エッセイ
  (更新日:毎月7日)

Vol.11
心を自然に戻そう

Vol.11 心を自然に戻そう

 今年、日本人は大震災という大きな試練に遭いました。その後もタイの洪水をはじめ、世界の自然災害はあとを絶ちません。想定できないことが次々と起こるのは、大自然の力が人間の力をはるかに越えている証拠です。

 人間は長年、そんな大自然に敬意を払って生きてきたはずなのに、いつのまにかおごってしまったような気がします。もともと人間は自然の一部なのに、心が自然から離れてとても"不自然"になった結果、苦しみを募らせているのではないでしょうか。

 人生にはいろんなことが起きて、私たちは悲しい目にもつらい目にも遭います。でも、もし試練を受け入れることができず、いつまでも苦しんで気力がわいてこないとしたら、心が不自然になっているんだと思います。絶望や怒りは、「心がいびつになっています。本来の姿に戻してください」という自分の魂の叫びにほかならないから。

 苦しみの原因を自分の外に探して解決するというのは合理的な方法かもしれませんが、それが自分ではどうすることもできないことだったら……天災でも人間関係でも、自分の力が及ばないことだったら、あなたはどうしますか? それを私たちは問われているのです。

 自然災害を目の当たりにして、改めて「本当に大切にしたいもの」を思い知ったという人は多いはずです。それは人と人とのつながりだったり、命の尊さだったり、逆境に立ち向かう強さだったり……とさまざまでしょう。

 そこでもう一歩踏み込んで、自分が思い知ったことを、もっと真剣に実生活に反映しませんか。多くの命と引き換えに聞き取った魂の叫びを、本気で自らの生き様に反映しませんか。

 少しでも心が不自然になっていたら、早く自然な状態に戻しましょう。心がいびつなままだと、絶望や怒りに長く苦しめられます。あなたの心をいびつにするものは、いつでもエゴイスティックな欲望と恐れです。それを退けてください。

 心が自然な状態に戻ると、生かされている喜びや感謝を感じます。愛があふれて、本来持ち備えている利他の心や向上心を発揮しはじめます。そこで得るものが感動なのです。人生をそんな感動で埋め尽くして生きていきましょう。

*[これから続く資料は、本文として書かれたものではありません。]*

(* Let $\mathcal{M}$ be a finite set of models, each model $\mathfrak{m}$ consisting of at most $Q$ features, with prior $p(\mathfrak{m})$ and marginal likelihood $p(\boldsymbol{y}\mid\mathfrak{m})>0$, and posterior $p(\mathfrak{m}\mid\boldsymbol{y}) = p(\mathfrak{m})p(\boldsymbol{y}\mid\mathfrak{m})/\sum_{\mathfrak{m}'\in\mathcal{M}}p(\mathfrak{m}')p(\boldsymbol{y}\mid\mathfrak{m}')$. Run the GMJMCMC algorithm for $T_{\max}$ population iterations, producing populations $\mathcal{S}_1,\dots,\mathcal{S}_{T_{\max}}$, each a set of $s$ features, and let $M_{\mathcal{S}_t}$ be the set of models visited at iteration $t$ within search space $\mathcal{S}_t$. Let $\mathcal{M}^*$ be the set of all models visited by the algorithm and define \[ \widehat{p}(\mathfrak{m}\mid\boldsymbol{y}) = \frac{p(\mathfrak{m})p(\boldsymbol{y}\mid\mathfrak{m})}{\sum_{\mathfrak{m}'\in\mathcal{M}^*}p(\mathfrak{m}')p(\boldsymbol{y}\mid\mathfrak{m}')}\,\mathrm{I}(\mathfrak{m}\in\mathcal{M}^* ). \] Assume $s\ge Q$ and that $\{(\mathcal{S}_t,M_{\mathcal{S}_t})\}_t$ forms an irreducible Markov chain over its (finite) set of possible states. Then $\widehat{p}(\mathfrak{m}\mid\boldsymbol{y})$ converges to $p(\mathfrak{m}\mid\boldsymbol{y})$ for every model $\mathfrak{m}$ as $T_{\max}\to\infty$.
   Context: GMJMCMC (genetically modified mode jumping MCMC) is a model search algorithm: at each iteration $t$ it holds a population $\mathcal{S}_t$ of $s$ features (transformations of input covariates), runs an MCMC (mode-jumping MCMC) over the models whose features all belong to $\mathcal{S}_t$ (visiting the model set $M_{\mathcal{S}_t}$, including auxiliary models used to construct proposals), and then generates a new population $\mathcal{S}_{t+1}$ from $\mathcal{S}_t$ by random operators (filtration, mutation, modification, crossover, projection). The model space $\mathcal{M}$ consists of all subsets of at most $Q$ features from a finite feature space. A model is identified with the set of features it includes. *)

theory Defs
  imports "HOL-Probability.Probability"
begin

definition model_space :: "'f set \<Rightarrow> nat \<Rightarrow> 'f set set" where
  "model_space F Q = {m. m \<subseteq> F \<and> card m \<le> Q}"

text \<open>Renormalised posterior over a set of models Ms (zero outside Ms).
  With Ms = the full model space this is p(m|y); with Ms = the visited
  models it is the estimator p-hat(m|y).\<close>
definition posterior ::
  "('f set \<Rightarrow> real) \<Rightarrow> ('f set \<Rightarrow> real) \<Rightarrow> 'f set set \<Rightarrow> 'f set \<Rightarrow> real" where
  "posterior prior lik Ms m =
     (if m \<in> Ms then prior m * lik m / (\<Sum>m'\<in>Ms. prior m' * lik m') else 0)"

definition visited :: "(nat \<Rightarrow> 'w \<Rightarrow> 'a \<times> 'b set) \<Rightarrow> nat \<Rightarrow> 'w \<Rightarrow> 'b set" where
  "visited X T \<omega> = (\<Union>t<T. snd (X t \<omega>))"

definition finite_markov_chain ::
  "'w measure \<Rightarrow> 's set \<Rightarrow> ('s \<Rightarrow> real) \<Rightarrow> ('s \<Rightarrow> 's \<Rightarrow> real) \<Rightarrow> (nat \<Rightarrow> 'w \<Rightarrow> 's) \<Rightarrow> bool" where
  "finite_markov_chain \<Omega> St init K X \<longleftrightarrow>
     prob_space \<Omega> \<and> finite St \<and>
     (\<forall>t. X t \<in> measurable \<Omega> (count_space UNIV)) \<and>
     (\<forall>t. \<forall>\<omega>\<in>space \<Omega>. X t \<omega> \<in> St) \<and>
     (\<forall>x\<in>St. 0 \<le> init x) \<and> (\<Sum>x\<in>St. init x) = 1 \<and>
     (\<forall>x\<in>St. \<forall>y\<in>St. 0 \<le> K x y) \<and> (\<forall>x\<in>St. (\<Sum>y\<in>St. K x y) = 1) \<and>
     (\<forall>n xs. length xs = Suc n \<longrightarrow> set xs \<subseteq> St \<longrightarrow>
        measure \<Omega> {\<omega>\<in>space \<Omega>. \<forall>i\<le>n. X i \<omega> = xs ! i}
          = init (xs ! 0) * (\<Prod>i<n. K (xs ! i) (xs ! Suc i)))"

 めったに感動しないという人は、それだけ心が不自然になっているんですね。そんなときは大自然に心を預け、自分と同じ命を、植物や動物といった生物がそれぞれどんなふうに生きて、どんなふうに共存しているのかに意識を向けてみませんか。

 私はこれまで植物のあり方にどれほど感動を覚え、自分の生き様に照らしてどれほど多くのことを教えられたかわかりません。その気持ちを『野の花』になぞらえて表現してみますね。あなたが何か感じてくれるとうれしいのですが……。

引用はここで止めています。